The killing of Sheikh Said Afandi could result in increased tensions and violence in Dagestan and damage efforts to promote dialogue among the government and Muslim groups, Human Rights Watch said.
Afandi played an active role in promoting negotiations between Sufi Muslim leaders from the republic’s Spiritual Department of Muslims (DUM), an official agency, and Akhlyu Sunna, an organization of prominent Salafi Muslims, adherents to a literalist trend in Sunni Islam who seek to rid Islam of innovations accrued over the centuries.
The Sufi Muslim leadership has close ties to Dagestan’s political establishment, and federal and local authorities have largely viewed Salafis as radicals who have rejected “traditional” Islam and supported the Islamist insurgency. Salafi Muslims have been especially subject to persecution and counter-insurgency-related abuses by law enforcement agencies, such as enforced disappearances, torture, and extrajudicial executions.
Human rights violations by law enforcement inflame hostility and perpetuate violence in Dagestan and in the North Caucasus as a whole, Human Rights Watch said.
In the past year, Dagestan’s president and government have appeared to seek social consensus and stability, including by starting a dialogue with the republic’s Salafi communities. Contacts were also initiated between Sufi and Salafi leaders. In April, in an unprecedented move, the two groups signed a resolution for cooperation. On August 29, the day after Afandi’s killing, Akhlyu Sunna issued a statement condemning the attack and expressing condolences to the families of the victims.

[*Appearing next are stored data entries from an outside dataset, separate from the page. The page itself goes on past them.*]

lemma R_fps_add: "R_fps A \<Longrightarrow> R_fps B \<Longrightarrow> R_fps (A + B)" by (simp add: R_fps_def R_add)
lemma R_fps_diff: "R_fps A \<Longrightarrow> R_fps B \<Longrightarrow> R_fps (A - B)" by (simp add: R_fps_def R_diff)
lemma R_fps_mult: "R_fps A \<Longrightarrow> R_fps B \<Longrightarrow> R_fps (A * B)"
  unfolding R_fps_def fps_mult_nth by (auto intro!: R_sum R_mult)
lemma R_fps_const: "R c \<Longrightarrow> R_fps (fps_const c)" by (simp add: R_fps_def R_0)
lemma R_fps_1: "R_fps 1" by (simp add: R_fps_def R_0 R_1)
lemma R_fps_X: "R_fps fps_X" by (simp add: R_fps_def fps_X_def R_0 R_1)
lemma R_fps_power: "R_fps A \<Longrightarrow> R_fps (A ^ n)" by (induction n) (auto intro: R_fps_mult R_fps_1)

lemma R_fps_poly:
  "R_fps Y \<Longrightarrow> (\<And>k. R (coeff p k)) \<Longrightarrow> R_fps (poly (map_poly fps_const p) Y)"
proof (induction p)
  case (pCons a p)
  have "R a" "\<And>k. R (coeff p k)" using pCons.prems(2)[of 0] pCons.prems(2)[of "Suc _"] by simp_all
  then show ?case using pCons by (auto simp: map_poly_pCons intro!: R_fps_add R_fps_mult R_fps_const)
qed (simp add: R_fps_def R_0)

lemma R_fps_psubst:
  assumes "R_fps Y" "\<And>n k. R (coeff (A $ n) k)"
  shows "R_fps (psubst A Y)"
  using R_fps_mult[OF R_fps_power[OF R_fps_X] R_fps_poly[OF assms]]
  unfolding R_fps_def psubst_def by (auto intro!: R_sum)


section \<open>Potts polynomials of nonempty graphs are divisible by q\<close>

definition eval_q :: "rat \<Rightarrow> rat poly poly \<Rightarrow> rat poly" where
  "eval_q a p = map_poly (\<lambda>c. poly c a) p"

lemma eval_q_0: "eval_q a 0 = 0" by (simp add: eval_q_def)
lemma eval_q_add: "eval_q a (p + q) = eval_q a p + eval_q a q"
  unfolding eval_q_def by (rule map_poly_add_hom) auto
lemma eval_q_mult: "eval_q a (p * q) = eval_q a p * eval_q a q"
  unfolding eval_q_def by (rule map_poly_mult_hom) auto
lemma eval_q_power: "eval_q a (p ^ n) = eval_q a p ^ n"
  by (induction n) (simp_all add: eval_q_mult eval_q_def[of a 1])
lemma eval_q_sum: "eval_q a (sum g A) = (\<Sum>x\<in>A. eval_q a (g x))"
  by (induction A rule: infinite_finite_induct) (simp_all add: eval_q_add eval_q_0)
lemma eval_q_pCons: "eval_q a (pCons c p) = pCons (poly c a) (eval_q a p)"
  unfolding eval_q_def by (simp add: map_poly_pCons)
lemma eval_q_smult: "eval_q a (smult c p) = smult (poly c a) (eval_q a p)"
  using eval_q_mult[of a "[:c:]" p] by (simp add: eval_q_pCons eval_q_0)

lemma eval_qnu_unique:
  assumes "\<And>(k::nat) v. k \<ge> 1 \<Longrightarrow> eval_qnu p (of_nat k) v = eval_qnu p' (of_nat k) v"
  shows "p = p'"
proof (rule poly_eqI)
  fix n
  define d where "d = coeff p n - coeff p' n"
  have "poly d (of_nat k) = 0" if "k \<ge> 1" for k :: nat
  proof -
    have "poly (eval_q (of_nat k) p) = poly (eval_q (of_nat k) p')"
      using assms[OF that] by (auto simp: eval_qnu_def eval_q_def fun_eq_iff)
    then have "eval_q (of_nat k) p = eval_q (of_nat k) p'" by (simp add: poly_eq_poly_eq_iff)
    then have "coeff (eval_q (of_nat k) p) n = coeff (eval_q (of_nat k) p') n" by simp
    then show ?thesis by (simp add: eval_q_def coeff_map_poly d_def)
  qed
  then have roots: "(of_nat :: nat \<Rightarrow> rat) ` {1..} \<subseteq> {x. poly d x = 0}" by auto
  have "infinite ((of_nat :: nat \<Rightarrow> rat) ` {1..})"
  proof
    assume "finite ((of_nat :: nat \<Rightarrow> rat) ` {1..})"
    then have "finite {1::nat..}" by (rule finite_imageD) (auto simp: inj_on_def)
    then show False using infinite_Ici[of "1::nat"] by blast
  qed
  then have "d = 0" using roots poly_roots_finite[of d] finite_subset by blast
  then show "coeff p n = coeff p' n" by (simp add: d_def)
qed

The authorities have already identified the victims and the suicide bomber and are proceeding with the investigation into the attack. In the interest of preventing further human rights violations in this unstable region, Russia’s leadership should ensure that law enforcement officials involved in the investigation demonstrate full respect for human rights and the rule of law, Human Rights Watch said.
“This is a critical time for the region,” Williamson said. “If the authorities handle this investigation with fairness and respect, it can help support the efforts to bring together people on all sides who want peace and stability.”